(* With the notation below, let $x\in X^{(\boldsymbol\alpha)}$. Then there is a bijection between $H_1\cdot[x]_{H_2}$ (a subset of the orbit set $H_2\backslash X^{(\boldsymbol\alpha)}$ for the action $\varGamma_2$) and $F^{(\boldsymbol\alpha)}\mathbb Z^N\backslash\mathbb Z^N$ that commutes with the action of $H_1$. Here $H_1$ acts on $H_2\backslash X^{(\boldsymbol\alpha)}$ by $f\cdot[z]_{H_2}=[\varGamma_1(f,z)]_{H_2}$ and on $F^{(\boldsymbol\alpha)}\mathbb Z^N\backslash\mathbb Z^N$ by $f\cdot[\boldsymbol\omega]=[\boldsymbol\omega+\psi(f)]$.
   Context: Fix $N\ge1$, integers $m_j\ge1$, $p_j\ge0$ ($1\le j\le N$), and an integer matrix $(B_{j,k})$. For $m\ge1,p\ge0$ let $\Lambda(m,p)=\{(\lambda_i)_{i\in\mathbb Z}: \lambda_i\in\mathbb Z,\ \lambda_1=0,\ \lambda_i\le\lambda_{i+1},\ \lambda_{i+m}=\lambda_i+p\ \forall i\}$, and for a positive common divisor $\alpha$ of $m,p$ (every positive integer divides $0$) let $\Lambda^{(\alpha)}(m,p)=\{\lambda\in\Lambda(m/\alpha,p/\alpha):\lambda\notin\Lambda(m/\alpha',p/\alpha')$ for every common divisor $\alpha'>\alpha\}$. Let $X_1=\mathbb Z^N$ (column vectors), $X_2=\prod_{j}\Lambda(m_j,p_j)$, elements $\boldsymbol\lambda=(\lambda^{(j)}_i)$. $H_2$ is the free abelian group on $s_1,\dots,s_N$; for $g=\sum_kn_ks_k$: $\Upsilon(g,\boldsymbol\lambda)=(\lambda^{(j)}_{n_j+i}-\lambda^{(j)}_{n_j+1})_{i,j}$, $\varphi(g,\boldsymbol\omega,\boldsymbol\lambda)=\boldsymbol\omega+(\lambda^{(j)}_{n_j+1}+\sum_kB_{j,k}n_k)_j$, $\varGamma_2(g,(\boldsymbol\omega,\boldsymbol\lambda))=(\varphi(g,\boldsymbol\omega,\boldsymbol\lambda),\Upsilon(g,\boldsymbol\lambda))$. $H_1$ is an abelian group with a surjective group homomorphism $\psi:H_1\to\mathbb Z^N$, acting by $\varGamma_1(f,(\boldsymbol\omega,\boldsymbol\lambda))=(\boldsymbol\omega+\psi(f),\boldsymbol\lambda)$. Fix $\boldsymbol\alpha=(\alpha_j)$ with $\alpha_j$ a positive common divisor of $m_j,p_j$; $X^{(\boldsymbol\alpha)}=X_1\times\prod_j\Lambda^{(\alpha_j)}(m_j,p_j)$ (invariant under $\varGamma_1,\varGamma_2$); $F^{(\boldsymbol\alpha)}_{j,k}=(\delta_{j,k}p_k+B_{j,k}m_k)/\alpha_k$. $F^{(\boldsymbol\alpha)}\mathbb Z^N\backslash\mathbb Z^N$ is the set of cosets of the subgroup $F^{(\boldsymbol\alpha)}\mathbb Z^N\subset\mathbb Z^N$. *)

theory Defs
  imports Main "HOL-Library.Function_Algebras"
begin

text \<open>Index set {1..N} is modelled by a finite type 'n; vectors in Z^N are functions 'n => int.
  Sequences (lambda_i)_{i in Z} are functions int => int.\<close>

definition Lam :: "int \<Rightarrow> int \<Rightarrow> (int \<Rightarrow> int) set" where
  "Lam m p = {lam. lam 1 = 0 \<and> (\<forall>i. lam i \<le> lam (i + 1)) \<and> (\<forall>i. lam (i + m) = lam i + p)}"

definition Lam_alpha :: "int \<Rightarrow> int \<Rightarrow> int \<Rightarrow> (int \<Rightarrow> int) set" where
  "Lam_alpha a m p = {lam. lam \<in> Lam (m div a) (p div a) \<and>
     (\<forall>a'. a' > a \<and> a' dvd m \<and> a' dvd p \<longrightarrow> lam \<notin> Lam (m div a') (p div a'))}"

definition X_alpha :: "('n \<Rightarrow> int) \<Rightarrow> ('n \<Rightarrow> int) \<Rightarrow> ('n \<Rightarrow> int)
    \<Rightarrow> (('n \<Rightarrow> int) \<times> ('n \<Rightarrow> int \<Rightarrow> int)) set" where
  "X_alpha a m p = {(\<omega>, lam). \<forall>j. lam j \<in> Lam_alpha (a j) (m j) (p j)}"

text \<open>Action of H_2 (free abelian group on s_1..s_N, element g = sum_k n_k s_k given by n).\<close>
definition Gamma2 :: "('n::finite \<Rightarrow> 'n \<Rightarrow> int) \<Rightarrow> ('n \<Rightarrow> int)
    \<Rightarrow> ('n \<Rightarrow> int) \<times> ('n \<Rightarrow> int \<Rightarrow> int) \<Rightarrow> ('n \<Rightarrow> int) \<times> ('n \<Rightarrow> int \<Rightarrow> int)" where
  "Gamma2 B n x = (case x of (\<omega>, lam) \<Rightarrow>
     (\<lambda>j. \<omega> j + lam j (n j + 1) + (\<Sum>k\<in>UNIV. B j k * n k),
      \<lambda>j i. lam j (n j + i) - lam j (n j + 1)))"

definition Gamma1 :: "('h \<Rightarrow> ('n \<Rightarrow> int)) \<Rightarrow> 'h
    \<Rightarrow> ('n \<Rightarrow> int) \<times> ('n \<Rightarrow> int \<Rightarrow> int) \<Rightarrow> ('n \<Rightarrow> int) \<times> ('n \<Rightarrow> int \<Rightarrow> int)" where
  "Gamma1 \<psi> f x = (case x of (\<omega>, lam) \<Rightarrow> (\<omega> + \<psi> f, lam))"

definition orbit2 :: "('n::finite \<Rightarrow> 'n \<Rightarrow> int) \<Rightarrow> ('n \<Rightarrow> int) \<times> ('n \<Rightarrow> int \<Rightarrow> int)
    \<Rightarrow> (('n \<Rightarrow> int) \<times> ('n \<Rightarrow> int \<Rightarrow> int)) set" where
  "orbit2 B x = {Gamma2 B n x | n. True}"

definition Fmat :: "('n \<Rightarrow> 'n \<Rightarrow> int) \<Rightarrow> ('n \<Rightarrow> int) \<Rightarrow> ('n \<Rightarrow> int) \<Rightarrow> ('n \<Rightarrow> int)
    \<Rightarrow> 'n \<Rightarrow> 'n \<Rightarrow> int" where
  "Fmat B a m p j k = ((if j = k then p k else 0) + B j k * m k) div a k"

definition matvec :: "('n::finite \<Rightarrow> 'n \<Rightarrow> int) \<Rightarrow> ('n \<Rightarrow> int) \<Rightarrow> 'n \<Rightarrow> int" where
  "matvec F v = (\<lambda>j. \<Sum>k\<in>UNIV. F j k * v k)"

definition coset :: "('n::finite \<Rightarrow> 'n \<Rightarrow> int) \<Rightarrow> ('n \<Rightarrow> int) \<Rightarrow> ('n \<Rightarrow> int) set" where
  "coset F \<omega> = {\<omega> + matvec F v | v. True}"

end

theory Submission imports Defs begin
(* Fix $\lambda_1,\lambda_2,\lambda_3\in\mathbb{Z}_{\ge0}$ and a $0$-initial triple $(a,b,c)\in\mathbb{R}_+^3$. Let $\mathbf{w}=[w_1,w_2,\dots]$ be an infinite reduced sequence; for $n\ge1$ let $(a_n,b_n,c_n)=\mu_{w_n}\circ\cdots\circ\mu_{w_1}(1,1,1)$ (generalized Markov chain) and $(x_n,y_n,z_n)=\mathcal{M}_{w_n}\circ\cdots\circ\mathcal{M}_{w_1}(a,b,c)$ (classical Euclid chain). (1) If each of $1,2,3$ appears infinitely many times in $\mathbf{w}$, there exists a real number $q$ with $\lim_{n\to\infty}\frac{\log a_n}{x_n}=\lim_{n\to\infty}\frac{\log b_n}{y_n}=\lim_{n\to\infty}\frac{\log c_n}{z_n}=q$. (2) If some index $i\in\{1,2,3\}$ appears only finitely many times in $\mathbf{w}$, there exists a real number $q$ such that for both $j\in\{1,2,3\}\setminus\{i\}$, the logarithm of the $j$-th component of $(a_n,b_n,c_n)$ divided by the $j$-th component of $(x_n,y_n,z_n)$ converges to $q$ as $n\to\infty$.
   Context: Generalized Markov mutations: $\mu_1(x_1,x_2,x_3)=(\frac{x_2^2+\lambda_1x_2x_3+x_3^2}{x_1},x_2,x_3)$, $\mu_2(x_1,x_2,x_3)=(x_1,\frac{x_1^2+\lambda_2x_1x_3+x_3^2}{x_2},x_3)$, $\mu_3(x_1,x_2,x_3)=(x_1,x_2,\frac{x_1^2+\lambda_3x_1x_2+x_2^2}{x_3})$ (these generate all positive integer solutions of $X_1^2+X_2^2+X_3^2+\lambda_3X_1X_2+\lambda_1X_2X_3+\lambda_2X_3X_1=(3+\lambda_1+\lambda_2+\lambda_3)X_1X_2X_3$ from $(1,1,1)$). Classical Euclid mutations on $\mathbb{R}_+^3$: $\mathcal{M}_1(x,y,z)=(y+z,y,z)$, $\mathcal{M}_2(x,y,z)=(x,x+z,z)$, $\mathcal{M}_3(x,y,z)=(x,y,x+y)$. A $0$-initial triple is $(a,b,c)\in\mathbb{R}_+^3$ with $a\ne b+c$, $b\ne a+c$, $c\ne a+b$. A sequence with entries in $\{1,2,3\}$ is reduced if consecutive entries differ. $\log$ is the natural logarithm. *)

theory Defs
  imports "HOL-Analysis.Analysis"
begin

type_synonym triple = "real \<times> real \<times> real"

definition comp3 :: "nat \<Rightarrow> triple \<Rightarrow> real" where
  "comp3 j t = (case t of (x1, x2, x3) \<Rightarrow> if j = 1 then x1 else if j = 2 then x2 else x3)"

definition gmut :: "nat \<Rightarrow> nat \<Rightarrow> nat \<Rightarrow> nat \<Rightarrow> triple \<Rightarrow> triple" where
  "gmut l1 l2 l3 k t = (case t of (x1, x2, x3) \<Rightarrow>
     if k = 1 then ((x2^2 + real l1 * x2 * x3 + x3^2) / x1, x2, x3)
     else if k = 2 then (x1, (x1^2 + real l2 * x1 * x3 + x3^2) / x2, x3)
     else (x1, x2, (x1^2 + real l3 * x1 * x2 + x2^2) / x3))"

definition emut :: "nat \<Rightarrow> triple \<Rightarrow> triple" where
  "emut k t = (case t of (x, y, z) \<Rightarrow>
     if k = 1 then (y + z, y, z)
     else if k = 2 then (x, x + z, z)
     else (x, y, x + y))"
lemma tendsto_gdeg_decseq:
  assumes "decseq A" "\<And>m. A m \<in> sets lebesgue" "A 0 \<in> lmeasurable"
  shows "(\<lambda>m. gdeg g (A m) x) \<longlonglongrightarrow> gdeg g (\<Inter>m. A m) x"
  unfolding gdeg_def set_lebesgue_integral_def
proof (rule integral_dominated_convergence[where w = "indicator (A 0)"])
  show "AE y in lebesgue.
      (\<lambda>m. indicator (A m) y *\<^sub>R g x y) \<longlonglongrightarrow> indicator (\<Inter>m. A m) y *\<^sub>R g x y"
    using LIMSEQ_indicator_decseq[OF assms(1)] by (intro AE_I2 tendsto_scaleR) auto
  show "AE y in lebesgue. norm (indicator (A m) y *\<^sub>R g x y) \<le> indicator (A 0) y" for m
    using decseqD[OF assms(1), of 0 m] kernel_nonneg kernel_le_1
    by (intro AE_I2) (auto simp: indicator_def)
qed (use assms borel_measurable_section lmeasurable_iff_integrable in auto)

end

text \<open>The sections w(x,-) of a graphon need not be measurable for all x, so degrees are computed
  with a Borel version g of w, which may disagree with w on the rows in the null set N.\<close>

locale graphon_version = unit_kernel g for g +
  fixes w :: "real \<Rightarrow> real \<Rightarrow> real" and N :: "real set"
  assumes graphon_range: "x \<in> {0..1} \<Longrightarrow> y \<in> {0..1} \<Longrightarrow> 0 \<le> w x y \<and> w x y \<le> 1"
    and null_exceptions: "N \<in> null_sets lebesgue"
    and AE_section_eq:
      "x \<in> {0..1} \<Longrightarrow> x \<notin> N \<Longrightarrow> AE y in lebesgue. y \<in> {0..1} \<longrightarrow> w x y = g x y"
begin

lemma gdeg_eq_version:
  assumes A: "A \<in> sets lebesgue" "A \<subseteq> {0..1}" and x: "x \<in> {0..1}" "x \<notin> N"
  shows "gdeg w A x = gdeg g A x"
proof -
  have ae: "AE y in lebesgue. indicator A y *\<^sub>R g x y = indicator A y *\<^sub>R w x y"
    using AE_section_eq[OF x] by eventually_elim (use A in \<open>auto simp: indicator_def\<close>)
  have g_meas: "(\<lambda>y. indicator A y *\<^sub>R g x y) \<in> borel_measurable lebesgue"
    using A borel_measurable_section by measurable
  show ?thesis
    unfolding gdeg_def set_lebesgue_integral_def
    by (rule integral_cong_AE[OF borel_measurable_AE[OF g_meas ae] g_meas])
      (use ae in \<open>auto elim: eventually_mono\<close>)
qed

lemma null_sets_subset_exceptions: "A \<subseteq> N \<Longrightarrow> A \<in> null_sets lebesgue"
  using null_exceptions null_sets_completion_subset by blast

lemma sets_kcore_iter: "kcore_iter w c n \<in> sets lebesgue"
proof (induction n)
  case (Suc n)
  let ?A = "kcore_iter w c n" and ?B = "kcore_iter w c (Suc n)"
  have [measurable]: "?A \<in> sets lebesgue" "gdeg g ?A \<in> borel_measurable lebesgue"
    using Suc borel_measurable_gdeg by auto
  have "?B - N = (?A \<inter> {x \<in> space lebesgue. c \<le> gdeg g ?A x}) - N"
    using gdeg_eq_version[OF Suc kcore_iter_subset] kcore_iter_subset[of w c n] by auto
  also have "\<dots> \<in> sets lebesgue"
    using null_exceptions by (measurable, auto)
  finally have "(?B - N) \<union> (?B \<inter> N) \<in> sets lebesgue"
    using null_sets_subset_exceptions[of "?B \<inter> N"] by blast
  then show ?case by (simp add: Un_Diff_Int)
qed simp

lemma kcore_iter_lmeasurable: "kcore_iter w c n \<in> lmeasurable"
  using sets_kcore_iter kcore_iter_subset by (rule lmeasurable_subset_unit_interval)

lemma sets_kcore: "kcore w c \<in> sets lebesgue"
  unfolding kcore_eq_INT using sets_kcore_iter by blast

lemma kcore_lmeasurable: "kcore w c \<in> lmeasurable"
  using sets_kcore kcore_subset by (rule lmeasurable_subset_unit_interval)

lemma measure_kcore_iter_tendsto:
  "(\<lambda>n. measure lebesgue (kcore_iter w c n)) \<longlonglongrightarrow> measure lebesgue (kcore w c)"
  unfolding kcore_eq_INT
  using sets_kcore_iter decseq_kcore_iter fmeasurableD2[OF kcore_iter_lmeasurable]
  by (intro Lim_measure_decseq) auto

--

**Task item:**
Copy out only the lines above from the one with "x3) \<Rightarrow> if" to the one with "text \<open>The sections", inclusive, exactly as they stand.

**Output:**
  "comp3 j t = (case t of (x1, x2, x3) \<Rightarrow> if j = 1 then x1 else if j = 2 then x2 else x3)"

definition gmut :: "nat \<Rightarrow> nat \<Rightarrow> nat \<Rightarrow> nat \<Rightarrow> triple \<Rightarrow> triple" where
  "gmut l1 l2 l3 k t = (case t of (x1, x2, x3) \<Rightarrow>
     if k = 1 then ((x2^2 + real l1 * x2 * x3 + x3^2) / x1, x2, x3)
     else if k = 2 then (x1, (x1^2 + real l2 * x1 * x3 + x3^2) / x2, x3)
     else (x1, x2, (x1^2 + real l3 * x1 * x2 + x2^2) / x3))"

definition emut :: "nat \<Rightarrow> triple \<Rightarrow> triple" where
  "emut k t = (case t of (x, y, z) \<Rightarrow>
     if k = 1 then (y + z, y, z)
     else if k = 2 then (x, x + z, z)
     else (x, y, x + y))"
lemma tendsto_gdeg_decseq:
  assumes "decseq A" "\<And>m. A m \<in> sets lebesgue" "A 0 \<in> lmeasurable"
  shows "(\<lambda>m. gdeg g (A m) x) \<longlonglongrightarrow> gdeg g (\<Inter>m. A m) x"
  unfolding gdeg_def set_lebesgue_integral_def
proof (rule integral_dominated_convergence[where w = "indicator (A 0)"])
  show "AE y in lebesgue.
      (\<lambda>m. indicator (A m) y *\<^sub>R g x y) \<longlonglongrightarrow> indicator (\<Inter>m. A m) y *\<^sub>R g x y"
    using LIMSEQ_indicator_decseq[OF assms(1)] by (intro AE_I2 tendsto_scaleR) auto
  show "AE y in lebesgue. norm (indicator (A m) y *\<^sub>R g x y) \<le> indicator (A 0) y" for m
    using decseqD[OF assms(1), of 0 m] kernel_nonneg kernel_le_1
    by (intro AE_I2) (auto simp: indicator_def)
qed (use assms borel_measurable_section lmeasurable_iff_integrable in auto)

end

text \<open>The sections w(x,-) of a graphon need not be measurable for all x, so degrees are computed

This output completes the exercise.